No, balanced sets actually is a good idea.
The problem is that hardly any ERG sets are truely balanced, with La Bella's custom shop set being the exception, and now Circle K's new sets.

Take the standard 009,011,016 as an example. The B is so slinky it makes this set utterly useless.

You're correct about increasing tension on the lower strings.
I now use an Ernie Ball 075 bass string for my low A1 on 26.5", and can still bend it two full stops 
However, I'll now have to up the next two strings from 040,050 to 042,052 (or055) to match the progressive thickness feeling under my fingertips


----------



## TRENCHLORD (Mar 11, 2012)

Mine are 52/40/30/20w/14/10 tuned to D standard pulling at 

19.47
20.79
20.94
19.54
14.04
12.98

Like I posted earlier though, the numbers go up a tiny bit more the furthur the saddle is adjusted back.

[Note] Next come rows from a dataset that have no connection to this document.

theorem lemma5p6:
  fixes \<gamma> s u v :: real
  assumes "\<gamma> > 0" and "s > 0" and "u \<ge> \<gamma>"
  shows "(\<forall>j\<ge>1. D1G j u v s / G u v s = P j u v s / (u\<^sup>2 + v\<^sup>2) ^ j)
    \<and> - 2 * s / \<gamma> \<le> D1G 1 u v s / G u v s \<and> D1G 1 u v s / G u v s < 0
    \<and> - s / (4 * \<gamma>\<^sup>2 * (s + 1)) \<le> D1G 2 u v s / G u v s
    \<and> D1G 2 u v s / G u v s \<le> 2 * s * (2 * s + 1) / \<gamma>\<^sup>2
    \<and> - 2 * s * (2 * s + 1) * (2 * s + 2) / \<gamma> ^ 3 \<le> D1G 3 u v s / G u v s
    \<and> D1G 3 u v s / G u v s \<le> 2 * s * (2 * s + 2) / (\<gamma> ^ 3 * (s + 2)\<^sup>2)
    \<and> - 2 * s * (s + 1) * (2 * s + 2) * 3 / \<gamma> ^ 4 \<le> D1G 4 u v s / G u v s
    \<and> D1G 4 u v s / G u v s \<le> 2 * s * (2 * s + 1) * (2 * s + 2) * (2 * s + 3) / \<gamma> ^ 4"
  using D1G_div_G_pos_u[of u] D1G_1_div_G_bounds[OF assms] D1G_2_div_G_bounds[OF assms]
    D1G_3_div_G_bounds[OF assms] D1G_4_div_G_bounds[OF assms] assms
  by auto

end
lemma integrable_cnj_mult_L2:
  assumes "f \<in> L2" "g \<in> L2"
  shows "integrable lborel (\<lambda>x. cnj (f x) * g x)"
proof (rule Bochner_Integration.integrable_bound)
  show "integrable lborel (\<lambda>x. (cmod (f x))\<^sup>2 + (cmod (g x))\<^sup>2)"
    using assms by (auto simp: L2_def)
  have [measurable]: "f \<in> borel_measurable lborel" "g \<in> borel_measurable lborel"
    using assms by (auto simp: L2_def)
  show "(\<lambda>x. cnj (f x) * g x) \<in> borel_measurable lborel"
    by measurable
  have "cmod (f x) * cmod (g x) \<le> (cmod (f x))\<^sup>2 + (cmod (g x))\<^sup>2" for x
  proof -
    have "0 \<le> (cmod (f x) - cmod (g x))\<^sup>2" "0 \<le> cmod (f x) * cmod (g x)"
      by simp_all
    then show ?thesis
      unfolding power2_diff by linarith
  qed
  then show "AE x in lborel. norm (cnj (f x) * g x) \<le> norm ((cmod (f x))\<^sup>2 + (cmod (g x))\<^sup>2)"
    by (simp add: norm_mult)
qed

lemma L2_zero: "(\<lambda>x. 0) \<in> L2"
  by (simp add: L2_def)

lemma L2_cmult:
  assumes "f \<in> L2"
  shows "(\<lambda>x. z * f x) \<in> L2"
proof -
  have [measurable]: "f \<in> borel_measurable lborel"
    using assms by (rule L2_borel_measurable)
  show ?thesis
    using assms by (simp add: L2_def norm_mult power_mult_distrib)
qed

lemma L2_add:
  assumes "f \<in> L2" "g \<in> L2"
  shows "(\<lambda>x. f x + g x) \<in> L2"
proof -
  have [measurable]: "f \<in> borel_measurable lborel" "g \<in> borel_measurable lborel"
    using assms by (auto simp: L2_def)
  have "integrable lborel (\<lambda>x. (cmod (f x + g x))\<^sup>2)"
  proof (rule Bochner_Integration.integrable_bound)
    show "integrable lborel (\<lambda>x. 2 * (cmod (f x))\<^sup>2 + 2 * (cmod (g x))\<^sup>2)"
      using assms by (simp add: L2_def)
    show "AE x in lborel. norm ((cmod (f x + g x))\<^sup>2) \<le> norm (2 * (cmod (f x))\<^sup>2 + 2 * (cmod (g x))\<^sup>2)"
      using norm_add_sq_le by (intro AE_I2) (simp add: abs_le_iff)
  qed simp
  then show ?thesis
    by (simp add: L2_def)
qed

lemma L2_sum:
  assumes "finite I" "\<And>i. i \<in> I \<Longrightarrow> f i \<in> L2"
  shows "(\<lambda>x. \<Sum>i\<in>I. c i * f i x) \<in> L2"
  using assms by (induction I rule: finite_induct) (auto intro!: L2_zero L2_add L2_cmult)

lemma l2norm_nonneg: "0 \<le> l2norm f"
  by (simp add: l2norm_def integral_nonneg_AE)

lemma l2norm_cmult: "l2norm (\<lambda>x. z * f x) = cmod z * l2norm f"
  by (simp add: l2norm_def norm_mult power_mult_distrib real_sqrt_mult)

lemma l2inner_lincomb:
  assumes "k \<in> L2" "g1 \<in> L2" "g2 \<in> L2"
  shows "l2inner k (\<lambda>x. a * g1 x + b * g2 x) = a * l2inner k g1 + b * l2inner k g2"
proof -
  have "l2inner k (\<lambda>x. a * g1 x + b * g2 x) = (LINT x|lborel. a * (cnj (k x) * g1 x) + b * (cnj (k x) * g2 x))"
    unfolding l2inner_def by (simp add: algebra_simps)
  then show ?thesis
    using integrable_cnj_mult_L2[OF assms(1,2)] integrable_cnj_mult_L2[OF assms(1,3)]
    by (simp add: l2inner_def)
qed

Feel is the main thing though, I've tried a 54 for my 6th string and just don't like it as well as a 52 for D, even though some would say it should be my tightest string.


----------



## DavidLopezJr (Mar 14, 2012)

Anyone get similar results? Biggest thing this made me realized is how tight the damn high E is compared to the B's in most sets. My set is set to having a tight low set with less tension on the higher strings to bend with more ease.

len 25.5"

E .008" PL == 10.38#
B, .013" PL == 15.38#
G, .017" PL == 16.57#
D, .026" NW == 18.41#
A,, .038" NW == 21.58#
E,, .052" NW == 22.01#
B,,, .062" NW == 18.15#


----------



## Rook (Jun 8, 2012)

Hope nobody minds me bumping this, I keep losing it!


----------



## MF_Kitten (Jun 8, 2012)

I always did this, but i'm pretty set on sticking with Circle K Strings from now on, with their tension balanced sets and all. They are worth it as far as price goes, as i spend less on 3 sets of rather large strings (after shipping!) than i do on 2 sets in a store over here, and so far they are the best sounding strings i have ever played. There's a VERY clear difference. It's something else entirely.


----------



## Explorer (Jun 8, 2012)

Fun111 said:


> Hope nobody minds me bumping this, I keep losing it!

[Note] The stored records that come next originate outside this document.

text \<open>The contraction principle for Rademacher sums, stated with sums over all sign vectors
  instead of expectations; the offset \<open>c\<close> makes the induction over \<open>K\<close> go through.\<close>
lemma sum_signs_contraction:
  fixes a :: "'t \<Rightarrow> 'i \<Rightarrow> real" and ph :: "real \<Rightarrow> real" and c :: "'t \<Rightarrow> real"
  assumes K: "finite K" and T: "T \<noteq> {}" and ba: "\<forall>t\<in>T. \<forall>k. \<bar>a t k\<bar> \<le> B"
    and bp: "\<forall>t\<in>T. \<forall>k. \<bar>ph (a t k)\<bar> \<le> B"
    and lip: "\<forall>t\<in>T. \<forall>s\<in>T. \<forall>k. \<bar>ph (a t k) - ph (a s k)\<bar> \<le> L * \<bar>a t k - a s k\<bar>"
    and L: "L \<ge> 0" and bc: "\<forall>t\<in>T. \<bar>c t\<bar> \<le> C"
  shows "(\<Sum>e\<in>signs K. SUP t\<in>T. c t + (\<Sum>k\<in>K. e k * ph (a t k)))
    \<le> (\<Sum>e\<in>signs K. SUP t\<in>T. c t + L * (\<Sum>k\<in>K. e k * a t k))"
  using K bc
proof (induction K arbitrary: c C rule: finite_induct)
  case empty
  then show ?case by simp
next
  case (insert j K)
  have upd: "(\<Sum>k\<in>insert j K. (g(j:=y)) k * f k) = y * f j + (\<Sum>k\<in>K. g k * f k)" for g y and f :: "'i \<Rightarrow> real"
    using insert(1,2) by (simp add: sum.insert) (intro sum.cong; auto)
  define P where "P y g = (SUP t\<in>T. (c t + y * ph (a t j)) + (\<Sum>k\<in>K. g k * ph (a t k)))" for y g
  define Q where "Q y g = (SUP t\<in>T. (c t + y * ph (a t j)) + L * (\<Sum>k\<in>K. g k * a t k))" for y g
  have PQ: "(\<Sum>g\<in>signs K. P y g) \<le> (\<Sum>g\<in>signs K. Q y g)" if "\<bar>y\<bar> \<le> 1" for y
  proof -
    have "\<forall>t\<in>T. \<bar>c t + y * ph (a t j)\<bar> \<le> C + 1 * B"
      using insert.prems bp that by (intro ballI abs_add_mult_le) auto
    then show ?thesis unfolding P_def Q_def by (intro insert.IH) simp
  qed
  have Q_pair: "Q (-1) g + Q 1 g \<le> (SUP t\<in>T. c t + L * (\<Sum>k\<in>K. g k * a t k) + L * a t j)
                     + (SUP t\<in>T. c t + L * (\<Sum>k\<in>K. g k * a t k) - L * a t j)" if g: "g \<in> signs K" for g
  proof -
    define d where "d t = c t + L * (\<Sum>k\<in>K. g k * a t k)" for t
    have "\<forall>t\<in>T. \<forall>k\<in>K. \<bar>a t k\<bar> \<le> B" using ba by blast
    then have "\<forall>t\<in>T. \<bar>d t\<bar> \<le> C + L * (real (card K) * B)"
      using insert.prems abs_sum_signs_mult_le[OF g] L unfolding d_def by (intro ballI abs_add_mult_le) auto
    then have "(SUP t\<in>T. d t + ph (a t j)) + (SUP t\<in>T. d t - ph (a t j))
         \<le> (SUP t\<in>T. d t + L * a t j) + (SUP t\<in>T. d t - L * a t j)"
      by (rule sup_plus_sup_minus_contraction[OF T]) (use ba lip L in auto)
    moreover have "Q (-1) g = (SUP t\<in>T. d t - ph (a t j))" "Q 1 g = (SUP t\<in>T. d t + ph (a t j))"
      unfolding Q_def d_def by (simp_all add: algebra_simps)
    ultimately show ?thesis unfolding d_def by simp
  qed
  have "(\<Sum>e\<in>signs (insert j K). SUP t\<in>T. c t + (\<Sum>k\<in>insert j K. e k * ph (a t k)))
      = (\<Sum>g\<in>signs K. P (-1) g) + (\<Sum>g\<in>signs K. P 1 g)"
    unfolding sum_signs_insert[OF insert(2)] P_def upd by (simp add: algebra_simps sum.distrib)
  also have "\<dots> \<le> (\<Sum>g\<in>signs K. Q (-1) g) + (\<Sum>g\<in>signs K. Q 1 g)"
    by (intro add_mono PQ) auto
  also have "\<dots> \<le> (\<Sum>g\<in>signs K. (SUP t\<in>T. c t + L * (\<Sum>k\<in>K. g k * a t k) + L * a t j)
                     + (SUP t\<in>T. c t + L * (\<Sum>k\<in>K. g k * a t k) - L * a t j))"
    unfolding sum.distrib[symmetric] by (intro sum_mono Q_pair)
  also have "\<dots> = (\<Sum>e\<in>signs (insert j K). SUP t\<in>T. c t + L * (\<Sum>k\<in>insert j K. e k * a t k))"
    unfolding sum_signs_insert[OF insert(2)] upd by (simp add: algebra_simps)
  finally show ?case .
qed

section \<open>Symmetrization\<close>

text \<open>Centering by an independent copy: the mean over \<open>w'\<close> of
  \<open>\<Sum>k\<in>K. f t (w' k)\<close> is \<open>card K\<close> times the mean of \<open>f t\<close> over \<open>I\<close>.\<close>
lemma sup_sum_le_mean_plus_sup_differences:
  fixes f :: "'t \<Rightarrow> 'p \<Rightarrow> real"
  assumes K: "finite K" and I: "finite I" "I \<noteq> {}" and T: "T \<noteq> {}"
    and fb: "\<forall>t\<in>T. \<forall>p. \<bar>f t p\<bar> \<le> B"
  defines "\<Omega> \<equiv> PiE K (\<lambda>_. I)"
  shows "real (card \<Omega>) * (SUP t\<in>T. \<Sum>k\<in>K. f t (w k))
    \<le> real (card \<Omega>) * real (card K) * (SUP t\<in>T. (\<Sum>p\<in>I. f t p) / real (card I))
      + (\<Sum>w'\<in>\<Omega>. SUP t\<in>T. \<Sum>k\<in>K. (f t (w k) - f t (w' k)))"
proof -
  define N where "N = real (card \<Omega>)"
  define \<mu> where "\<mu> t = (\<Sum>p\<in>I. f t p) / real (card I)" for t
  define R where "R = N * real (card K) * (SUP t\<in>T. \<mu> t) + (\<Sum>w'\<in>\<Omega>. SUP t\<in>T. \<Sum>k\<in>K. (f t (w k) - f t (w' k)))"
  have N: "N > 0" unfolding N_def \<Omega>_def using K I by (simp add: card_gt_0_iff finite_PiE PiE_eq_empty_iff)
  have cI: "real (card I) > 0" using I by (simp add: card_gt_0_iff)
  have bdd_mean: "bdd_above (\<mu> ` T)"
  proof (rule bdd_above_image_abs_le[where B = B], intro ballI)
    fix t assume "t \<in> T"
    then have "\<bar>\<Sum>p\<in>I. f t p\<bar> \<le> real (card I) * B" using fb by (intro abs_sum_le_card_mult) auto
    then show "\<bar>\<mu> t\<bar> \<le> B" using cI by (simp add: \<mu>_def abs_divide field_simps)
  qed
  have bdd_diff: "bdd_above ((\<lambda>t. \<Sum>k\<in>K. (f t (w k) - f t (w' k))) ` T)" for w'
  proof (rule bdd_above_image_abs_le[where B = "real (card K) * (2 * B)"], intro ballI abs_sum_le_card_mult)
    fix t k assume "t \<in> T"
    then have "\<bar>f t (w k)\<bar> \<le> B" "\<bar>f t (w' k)\<bar> \<le> B" using fb by auto
    then show "\<bar>f t (w k) - f t (w' k)\<bar> \<le> 2 * B" by linarith
  qed
  have "N * (\<Sum>k\<in>K. f t (w k)) \<le> R" if t: "t \<in> T" for t
  proof -
    have coord: "(\<Sum>w'\<in>\<Omega>. f t (w' k)) = N * \<mu> t" if "k \<in> K" for k
      using sum_PiE_component[OF K that, of I "f t"] cI unfolding N_def \<mu>_def \<Omega>_def
      by (simp add: field_simps)
    have "(\<Sum>k\<in>K. \<Sum>w'\<in>\<Omega>. (f t (w k) - f t (w' k))) = (\<Sum>k\<in>K. N * f t (w k) - N * \<mu> t)"
      by (rule sum.cong[OF refl]) (simp add: sum_subtractf coord N_def)
    then have "N * (\<Sum>k\<in>K. f t (w k)) = N * real (card K) * \<mu> t + (\<Sum>k\<in>K. \<Sum>w'\<in>\<Omega>. (f t (w k) - f t (w' k)))"
      by (simp add: sum_subtractf sum_distrib_left)
    also have "\<dots> = N * real (card K) * \<mu> t + (\<Sum>w'\<in>\<Omega>. \<Sum>k\<in>K. (f t (w k) - f t (w' k)))"
      by (simp only: sum.swap[of _ K])
    also have "\<dots> \<le> R"
      unfolding R_def using N by (intro add_mono mult_left_mono sum_mono cSUP_upper t bdd_mean bdd_diff) auto
    finally show ?thesis .
  qed
  then have "(SUP t\<in>T. \<Sum>k\<in>K. f t (w k)) \<le> R / N"
    using N by (intro cSUP_least[OF T]) (simp add: field_simps)
  then show ?thesis using N unfolding R_def N_def \<mu>_def by (simp add: field_simps)
qed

Wait.. are you saying that you'd rather necrobump this thread every once in a while, instead of clicking on Thread Tools > Subscribe to this Thread so you can always find it easily?


----------



## Winspear (Jun 8, 2012)

And don't forget..Bookmarks 

Then again I see no problem with this being bumped - it should be useful for many people considering how many string tension questions I and others answer around here. I've also suggested this method a few times too as it's what I used to find my gauges.


----------



## Rook (Jun 10, 2012)

Explorer said:


> Wait.. are you saying that you'd rather necrobump this thread every once in a while, instead of clicking on Thread Tools > Subscribe to this Thread so you can always find it easily?

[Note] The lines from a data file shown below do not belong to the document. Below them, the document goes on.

definition sup_sh :: "('o::complete_lattice, 'a) posheaf \<Rightarrow> 'o \<Rightarrow> ('o \<Rightarrow> 'a set) \<Rightarrow> 'a" where
  "sup_sh F u S = (THE z. z \<in> sec F u \<and>
      (\<forall>v. v \<le> u \<longrightarrow> (\<forall>y\<in>S v. le F v y (res F u v z))) \<and>
      (\<forall>z'\<in>sec F u. (\<forall>v. v \<le> u \<longrightarrow> (\<forall>y\<in>S v. le F v y (res F u v z'))) \<longrightarrow> le F u z z'))"

text \<open>\<alpha>_* : the subsheaf of G^u generated by v \<mapsto> \<alpha>_v(S(v)).\<close>
definition push :: "('o \<Rightarrow> 'a \<Rightarrow> 'b) \<Rightarrow> ('o::complete_lattice, 'b) posheaf \<Rightarrow> 'o \<Rightarrow> ('o \<Rightarrow> 'a set) \<Rightarrow> ('o \<Rightarrow> 'b set)" where
  "push \<alpha> G u S = (\<lambda>v. {y. \<forall>S'. subsheaf G u S' \<and> (\<forall>w. w \<le> u \<longrightarrow> \<alpha> w ` S w \<subseteq> S' w) \<longrightarrow> y \<in> S' v})"

definition sup_preserving :: "('o::complete_lattice, 'a) posheaf \<Rightarrow> ('o, 'b) posheaf \<Rightarrow> ('o \<Rightarrow> 'a \<Rightarrow> 'b) \<Rightarrow> bool" where
  "sup_preserving F G \<alpha> \<longleftrightarrow>
     (\<forall>u S. subsheaf F u S \<longrightarrow> sup_sh G u (push \<alpha> G u S) = \<alpha> u (sup_sh F u S))"
definition sunit :: "('a \<Rightarrow> 'a \<Rightarrow> 'a) \<Rightarrow> ('a \<Rightarrow> 'a \<Rightarrow> 'a) \<Rightarrow> 'a \<Rightarrow> 'a" where
  "sunit pl ti x = (THE u. ti x u = x \<and> (\<forall>v. ti x v = x \<longrightarrow> ti u v = u))"

definition sinv :: "('a \<Rightarrow> 'a \<Rightarrow> 'a) \<Rightarrow> ('a \<Rightarrow> 'a \<Rightarrow> 'a) \<Rightarrow> 'a \<Rightarrow> 'a" where
  "sinv pl ti x = (THE d. ti x d = sunit pl ti x \<and> sunit pl ti d = sunit pl ti x)"

definition szero :: "('a \<Rightarrow> 'a \<Rightarrow> 'a) \<Rightarrow> 'a" where
  "szero pl = (THE m. \<forall>x. pl m x = x)"

definition sone :: "('a \<Rightarrow> 'a \<Rightarrow> 'a) \<Rightarrow> 'a" where
  "sone ti = (THE u. \<forall>x. ti u x = x)"

definition sbigM :: "('a \<Rightarrow> 'a \<Rightarrow> 'a) \<Rightarrow> 'a" where
  "sbigM pl = (SOME M. \<forall>x. pl (mag pl x) M = M)"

A function I was unaware of!

Cheers 

And I can't bookmark on some of the computers I use for various reasons


----------



## 8stringer (Feb 21, 2014)

I imagine people are still asking questions about string gauges around here, so a BUMP is needed on this thread


----------



## TRENCHLORD (Feb 21, 2014)

8stringer said:


> I imagine people are still asking questions about string gauges around here, so a BUMP is needed on this thread


 
Well we have the tension thread already, but it's up to a zillion pages and this thread can solve peoples problems at first glance .


----------



## pittbul (Mar 7, 2014)

will try !thx!


----------



## SilverSSV (Mar 7, 2014)

Great idea, Thanks OP.


----------